As I grew older, I began actually writing things and, at some point, I discovered fanfiction.net. I can’t remember how old I was exactly but I was definitely no older than ten which, as I know now, was far too early to discover such a thing. Nevertheless, I loved the website and would spend hours upon hours reading and writing fanfiction, most of which was about the main obsession of my preteens – Harry Potter.
For the sake of clarification, fanfiction is written work based off of existing media. It started back in the days of Star Trek fanzines where people wrote about romantic relations between Spock and Captain Kirk which, of course, never actually happened in the franchise. Nowadays, there’s a fanfiction about pretty much everything – even real-life people.
After a couple of years, my visits to fanfiction.net became less frequent. My dream changed from being an author to being an actor and writing became a hobby I rarely indulged in. I then recently gave up on my plan to be an actor, which was very hard to do, but thankfully I had my old dream to fall back on.
Consequently, I’ve thrown myself back into writing over this past year and, as of last December, I have my first ever full novel draft. It was the most stressful 50,000 words of my life but it brought me closer to actually publishing something than I’d ever been.
Unfortunately, there are some issues with my novel that have forced me to put the project on hold. In the meantime, I turned back to fanfiction and since immersing myself in that part of the internet for the first time in over five years, I’ve got a lot of thoughts about it.
As a society, we tend to make fun of things that have a primary audience of teenage girls, considering them to be less intellectual or worthwhile. It’s why everyone hated Twilight before we even caught on to the reasons why it’s actually problematic. It’s why I adamantly refused to enjoy any song by One Direction or Justin Bieber as a young teen.
Fanfiction suffers the same fate. It’s stereotyped as being either a clichéd love story between a Mary Sue author insert and a dashing fictional character or steamy fanservice scenes between two male characters who would never spare a glance at each other in canon.
But it’s so much more than that.
Much of the fanfiction I’ve read is the same quality and length of actual published novels. I’ve come across plots and characterisation that have stuck with me for months because of how creative and downright brilliant they are.
Don’t get me wrong, there’s nothing wrong with the stereotypical ‘Harry Styles abducted me’ and ‘Sherlock and John get it on after a particularly spicy murder mystery’ fanfics. Just because something is clichéd or simple does not make it bad content. If you’re not into it, just read something else.

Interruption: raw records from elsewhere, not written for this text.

lemma degree_zero_odd_even:
  assumes "two_eps eps = 1" "degree_zero eps h"
  shows "h (bvec (L m)) (Y n) = 0" "h (bvec (Y m)) (L n) = 0" "h (bvec (Y m)) (M n) = 0"
proof -
  have "deg2 eps (Y n) \<noteq> deg2 eps (L m)" "deg2 eps (L n) \<noteq> deg2 eps (Y m)" "deg2 eps (M n) \<noteq> deg2 eps (Y m)"
    using assms(1) by (simp_all, presburger+)
  then show "h (bvec (L m)) (Y n) = 0" "h (bvec (Y m)) (L n) = 0" "h (bvec (Y m)) (M n) = 0"
    using assms(2) unfolding degree_zero_def by blast+
qed

locale normalized_deg0_derivation =
  fixes eps :: real and H :: "sv_vec \<Rightarrow> sv_vec"
  assumes eps: "eps = 0 \<or> eps = 1/2"
    and derivation: "derivation eps H"
    and degree_zero: "degree_zero eps H"
    and normalized: "H (bvec (L 1)) (L 1) = 0" "H (bvec (L 1)) (M 1) = 0" "H (bvec (L 1)) (Y 1) = 0"
      "H (bvec (L (-1))) (M (-1)) = 0" "H (bvec (Y 0)) (Y 0) = 0"
begin

lemma expand: "level j = n \<Longrightarrow> H (bvec j) = smult (H (bvec j) (L n)) (bvec (L n))
    + smult (H (bvec j) (M n)) (bvec (M n)) + smult (H (bvec j) (Y n)) (bvec (Y n))"
  by (rule degree_zero_expand[OF eps degree_zero])

lemma odd_even:
  "two_eps eps = 1 \<Longrightarrow> H (bvec (L m)) (Y n) = 0"
  "two_eps eps = 1 \<Longrightarrow> H (bvec (Y m)) (L n) = 0"
  "two_eps eps = 1 \<Longrightarrow> H (bvec (Y m)) (M n) = 0"
  using degree_zero_odd_even[OF _ degree_zero] by blast+

lemma leibniz_bvec: "smult c (H (bvec k)) = br eps (H (bvec i)) (bvec j) + br eps (bvec i) (H (bvec j))"
  if "bb eps i j = smult c (bvec k)"
  using derivation_bb[OF derivation, of i j] that
  by (simp add: lin_map_smult[OF derivation_lin_map[OF derivation]])

lemma vanishes_L1: "H (bvec (L 1)) = 0"
  using expand[of "L 1" 1] by (simp add: normalized)

lemma vanishes_L0_Lm1: "H (bvec (L 0)) = 0" "H (bvec (L (-1))) = 0"
proof -
  define x where "x = H (bvec (L 0)) (L 0)"
  define y where "y = H (bvec (L 0)) (M 0)"
  define z where "z = H (bvec (L 0)) (Y 0)"
  define a where "a = H (bvec (L (-1))) (L (-1))"
  define c where "c = H (bvec (L (-1))) (Y (-1))"
  have HL0: "H (bvec (L 0)) = smult x (bvec (L 0)) + smult y (bvec (M 0)) + smult z (bvec (Y 0))"
    using expand[of "L 0" 0] by (simp add: x_def y_def z_def)
  have HLm1: "H (bvec (L (-1))) = smult a (bvec (L (-1))) + smult c (bvec (Y (-1)))"
    using expand[of "L (-1)" "-1"] by (simp add: a_def c_def normalized)
  have rel1: "smult (-1) (H (bvec (L 1))) = br eps (H (bvec (L 0))) (bvec (L 1)) + br eps (bvec (L 0)) (H (bvec (L 1)))"
    by (rule leibniz_bvec) simp
  have rel2: "smult 2 (H (bvec (L 0))) = br eps (H (bvec (L 1))) (bvec (L (-1))) + br eps (bvec (L 1)) (H (bvec (L (-1))))"
    by (rule leibniz_bvec) simp
  note rel1 = rel1[unfolded vanishes_L1 HL0, simplified br_linear SV_add SV_smult SV_bvec, simplified]
  note rel2 = rel2[unfolded vanishes_L1 HL0 HLm1, simplified br_linear SV_add SV_smult SV_bvec, simplified]
  have "x = 0"
    using fun_cong[OF rel1, of "L 1"] by (simp add: coord_simps)
  moreover have z: "z = 0"
  proof (cases rule: eps_cases[OF eps])
    case 1
    then show ?thesis using fun_cong[OF rel1, of "Y 1"] by (simp add: coord_simps)
  qed (simp add: z_def odd_even)
  moreover have "y = 0"
    using fun_cong[OF rel2, of "M 0"] by (simp add: coord_simps)
  moreover have "a = x"
    using fun_cong[OF rel2, of "L 0"] by (simp add: coord_simps)
  moreover have "c = 0"
    using fun_cong[OF rel2, of "Y 0"] z by (cases rule: eps_cases[OF eps]) (simp_all add: coord_simps)
  ultimately show "H (bvec (L 0)) = 0" "H (bvec (L (-1))) = 0"
    by (simp_all add: HL0 HLm1)
qed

That’s the beauty of fanfiction. Fanfiction is literature whether you like it or not. There is a fanfic out there for pretty much anything your heart desires. Want 100k words about your favourite pairing full of compelling twists and turns? It’ll be out there. Want a short simple read? Those are everywhere.
I mean, I literally posted an 800-word oneshot about a guy spraying another guy with mould killer. I’m also 8,000 words into a chaptered fic that I’m maybe a third of the way through at most. With fanfiction, you can do whatever you want.
While it’s true that you can do whatever you want with original fiction to some extent, fanfiction is often easier to write because characters and settings are ready-made for you. That being said, the freedom of original fiction is still there because you can make any change you want if you so wish. You can take the world you want to write about and turn it into whatever you want.
It’s great for if you want to get started in writing or if you’re looking for something fun to do to keep creative in between bigger projects – like myself.
Not only is fanfiction arguably easier to produce than original fiction, but it’s also more easily accessible than most original fiction. It’s out there for free (although I’ve read so many things that I think deserve to be paid for) and it’s so easy to search for what you want. The website of your choice (I currently reside on Archive Of Our Own, aka AO3) will have filters that let you narrow down your search in more ways than you’d originally consider (word count, completed/in progress, explicit/PG, and a thousand tags you’d never have thought of). You can find the kind of content you want in seconds.
The accessibility of fanfiction also means that when you put something out there, it’s easy to get readers. I’ve had about 50 comments on my current WIP so far and they’ve all been so, so lovely. It unironically makes my entire day to see people telling me that they enjoy my work and can’t wait to see more of it. It inspires me more than anything else does. Before I got back into fanfiction, I wasn’t sure if I could ever be a published author. Now, I know that I can.
And that’s why I like fanfiction. As much as it’s considered ‘cringe’ (cringe culture is dead, by the way) this part of the internet has brought so much joy to my life and many others’.
Next time you hear someone say that they read and/or write fanfiction instead of scoffing at it, consider just letting people enjoy things. There’s a whole lot to enjoy out there in regard to fan content and most of it is far better than you’d think.